TrueCrypt 4.3a's little quirks

Here's the main one:

<?xml version="1.0" encoding="utf-8"?>
<TrueCrypt>
        <defaultkeyfiles>
                <keyfile>E:\Keyfiles\wok.zip</keyfile>
        </defaultkeyfiles>
</TrueCrypt>

With Vista, this information is squirreled away in C:\Users\Yourname\AppData\Roaming\TrueCrypt, plain as day. Favorite volumes is also there, also unencrypted.

That means, if you set up a turnkey system — i.e., one where favorite volumes automatically mount when you log in, because you use an empty password, plus you use a keyfile located on the USB flash drive mounted on drive E) anybody who cares to know, can know.

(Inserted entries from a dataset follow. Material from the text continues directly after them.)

(* Let $c \in (0,1/2]$, $t_1 \in [0,1-2c]$, $t_2 \in [t_1+c,1-c]$, and $p,q\in(0,1)$ with $p\neq q$. Then \[ W_1(\mu_p,\mu_q) = \frac{t_2-t_1}{1-c}\,|p-q|. \]
   Context: Let $S_1(x)=cx+t_1$ and $S_2(x)=cx+t_2$ on $[0,1]$, and let $F\subseteq[0,1]$ be the unique nonempty compact set with $F=S_1(F)\cup S_2(F)$. For $p\in(0,1)$, $\mu_p$ is the unique Borel probability measure on $[0,1]$ with $\mu_p = p\,\mu_p\circ S_1^{-1} + (1-p)\,\mu_p\circ S_2^{-1}$. For Borel probability measures $\mu,\nu$ on $[0,1]$ and $\rho\ge1$, $W_\rho(\mu,\nu)=\inf_{\gamma}\left(\int |x-y|^\rho\,d\gamma(x,y)\right)^{1/\rho}$, the infimum over all Borel probability measures $\gamma$ on $[0,1]^2$ with first marginal $\mu$ and second marginal $\nu$. *)

theory Defs
  imports "HOL-Probability.Probability"
begin

text \<open>Borel probability measures on [0,1] are represented as probability measures on
  the Borel sets of the real line that give full mass to [0,1].\<close>

definition prob_on_unit :: "real measure \<Rightarrow> bool" where
  "prob_on_unit M \<longleftrightarrow> prob_space M \<and> sets M = sets borel \<and> emeasure M {0..1} = 1"

definition is_ss_measure :: "real \<Rightarrow> real \<Rightarrow> real \<Rightarrow> real \<Rightarrow> real measure \<Rightarrow> bool" where
  "is_ss_measure c t1 t2 p M \<longleftrightarrow> prob_on_unit M \<and>
     (\<forall>A \<in> sets borel. emeasure M A =
        ennreal p * emeasure M ((\<lambda>x. c * x + t1) -` A)
        + ennreal (1 - p) * emeasure M ((\<lambda>x. c * x + t2) -` A))"

definition ss_measure :: "real \<Rightarrow> real \<Rightarrow> real \<Rightarrow> real \<Rightarrow> real measure" where
  "ss_measure c t1 t2 p = (THE M. is_ss_measure c t1 t2 p M)"

definition couplings :: "real measure \<Rightarrow> real measure \<Rightarrow> (real \<times> real) measure set" where
  "couplings \<mu> \<nu> = {\<gamma>. prob_space \<gamma> \<and> sets \<gamma> = sets borel \<and>
      distr \<gamma> borel fst = \<mu> \<and> distr \<gamma> borel snd = \<nu>}"

definition wasserstein :: "real \<Rightarrow> real measure \<Rightarrow> real measure \<Rightarrow> real" where
  "wasserstein \<rho> \<mu> \<nu> =
     (INF \<gamma> \<in> couplings \<mu> \<nu>. (\<integral>z. \<bar>fst z - snd z\<bar> powr \<rho> \<partial>\<gamma>)) powr (1 / \<rho>)"

end

theory Submission
  imports Defs
begin

text \<open>Let \<open>\<omega>\<close> be an i.i.d. sequence of uniform random variables on [0,1] and
  \<open>X\<^sub>p \<omega> = \<Sum>\<^sub>k c\<^sup>k g\<^sub>p (\<omega>\<^sub>k)\<close>, where \<open>g\<^sub>p u = t\<^sub>1\<close> if \<open>u < p\<close> and \<open>t\<^sub>2\<close> otherwise.
  Splitting off the first digit shows that the law of \<open>X\<^sub>p\<close> satisfies the self-similarity
  equation, and characteristic functions show that this equation has only one solution,
  so \<open>\<mu>\<^sub>p\<close> is the law of \<open>X\<^sub>p\<close>. Since \<open>g\<^sub>p\<close> is antitone in \<open>p\<close>, the pair \<open>(X\<^sub>p, X\<^sub>q)\<close>
  is an ordered coupling of \<open>\<mu>\<^sub>p\<close> and \<open>\<mu>\<^sub>q\<close>, and an ordered coupling is optimal for \<open>W\<^sub>1\<close>:
  its cost equals the difference of the means, which bounds the cost of every coupling from
  below. The mean of \<open>\<mu>\<^sub>p\<close> is read off the self-similarity equation:
  \<open>m = p (c m + t\<^sub>1) + (1 - p) (c m + t\<^sub>2)\<close>.
  The argument only needs \<open>0 < c < 1\<close> and \<open>0 \<le> t\<^sub>1 \<le> t\<^sub>2 \<le> 1 - c\<close>.\<close>

definition unit_uniform :: "real measure" where
  "unit_uniform = uniform_measure lborel {0..1}"

lemma prob_space_unit_uniform: "prob_space unit_uniform"
  unfolding unit_uniform_def by (rule prob_space_uniform_measure) auto

lemma sets_unit_uniform [simp, measurable_cong]: "sets unit_uniform = sets borel"
  unfolding unit_uniform_def by simp

lemma space_unit_uniform [simp]: "space unit_uniform = UNIV"
  unfolding unit_uniform_def by simp

lemma emeasure_unit_uniform_lessThan:
  assumes "0 < p" "p < 1" shows "emeasure unit_uniform {..<p} = ennreal p"
proof -
  have "{0..1} \<inter> {..<p} = {0..<p::real}" using assms by auto
  then show ?thesis unfolding unit_uniform_def using assms by (simp add: divide_ennreal_def)
qed

lemma emeasure_unit_uniform_atLeast:
  assumes "0 < p" "p < 1" shows "emeasure unit_uniform {p..} = ennreal (1 - p)"
proof -
  have "{0..1} \<inter> {p..} = {p..1::real}" using assms by auto
  then show ?thesis unfolding unit_uniform_def using assms by (simp add: divide_ennreal_def)
qed

lemma nn_integral_unit_uniform_step:
  assumes "0 < p" "p < 1"
  shows "(\<integral>\<^sup>+u. (if u < p then a else b) \<partial>unit_uniform) = ennreal p * a + ennreal (1 - p) * b"
proof -
  have "(\<integral>\<^sup>+u. (if u < p then a else b) \<partial>unit_uniform)
      = (\<integral>\<^sup>+u. a * indicator {..<p} u + b * indicator {p..} u \<partial>unit_uniform)"
    by (intro nn_integral_cong) (auto simp: indicator_def)
  also have "\<dots> = (\<integral>\<^sup>+u. a * indicator {..<p} u \<partial>unit_uniform)
                  + (\<integral>\<^sup>+u. b * indicator {p..} u \<partial>unit_uniform)"
    by (intro nn_integral_add) auto
  also have "\<dots> = ennreal p * a + ennreal (1 - p) * b"
    using assms by (simp add: nn_integral_cmult_indicator emeasure_unit_uniform_lessThan
        emeasure_unit_uniform_atLeast mult.commute)
  finally show ?thesis .
qed

lemma integral_unit_uniform_step:
  fixes a b :: "'b::{banach, second_countable_topology}"
  assumes "0 < p" "p < 1"
  shows "(\<integral>u. (if u < p then a else b) \<partial>unit_uniform) = p *\<^sub>R a + (1 - p) *\<^sub>R b"
proof -
  interpret prob_space unit_uniform by (rule prob_space_unit_uniform)
  have "measure unit_uniform {..<p} = p" "measure unit_uniform {p..} = 1 - p"
    using assms emeasure_unit_uniform_lessThan[OF assms] emeasure_unit_uniform_atLeast[OF assms]
    by (simp_all add: measure_def)
  moreover have "(\<integral>u. (if u < p then a else b) \<partial>unit_uniform)
      = (\<integral>u. indicator {..<p} u *\<^sub>R a + indicator {p..} u *\<^sub>R b \<partial>unit_uniform)"
    by (intro Bochner_Integration.integral_cong) (auto simp: indicator_def)
  moreover have "\<dots> = (\<integral>u. indicator {..<p} u *\<^sub>R a \<partial>unit_uniform)
                     + (\<integral>u. indicator {p..} u *\<^sub>R b \<partial>unit_uniform)"
    by (intro Bochner_Integration.integral_add integrable_scaleR_left)
      (auto simp: emeasure_eq_measure)
  ultimately show ?thesis by (simp add: integral_scaleR_left emeasure_eq_measure)
qed

definition ss_digit :: "real \<Rightarrow> real \<Rightarrow> real \<Rightarrow> real \<Rightarrow> real" where
  "ss_digit t1 t2 p u = (if u < p then t1 else t2)"

definition ss_step :: "real \<Rightarrow> real \<Rightarrow> real \<Rightarrow> real \<Rightarrow> real \<times> real \<Rightarrow> real" where
  "ss_step c t1 t2 p z = c * snd z + ss_digit t1 t2 p (fst z)"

Also, I wonder why you can't cascade hash algorithms anymore; not since version 4.2, evidently. Cascading encryption is pretty much useless, since AES or Serpent or Twofish are each and all unbreakable in universes which have proton decay. Cascading hashes might actually prevent some sort of vulnerability in key generation, though; pipes leak at either end, usually through the numbnuts who select weak passwords and don't want to hassle with mysterious keyfiles.

Keyfiles are a gas. You can use them to set up turnkey systems, as noted above. No more passwords!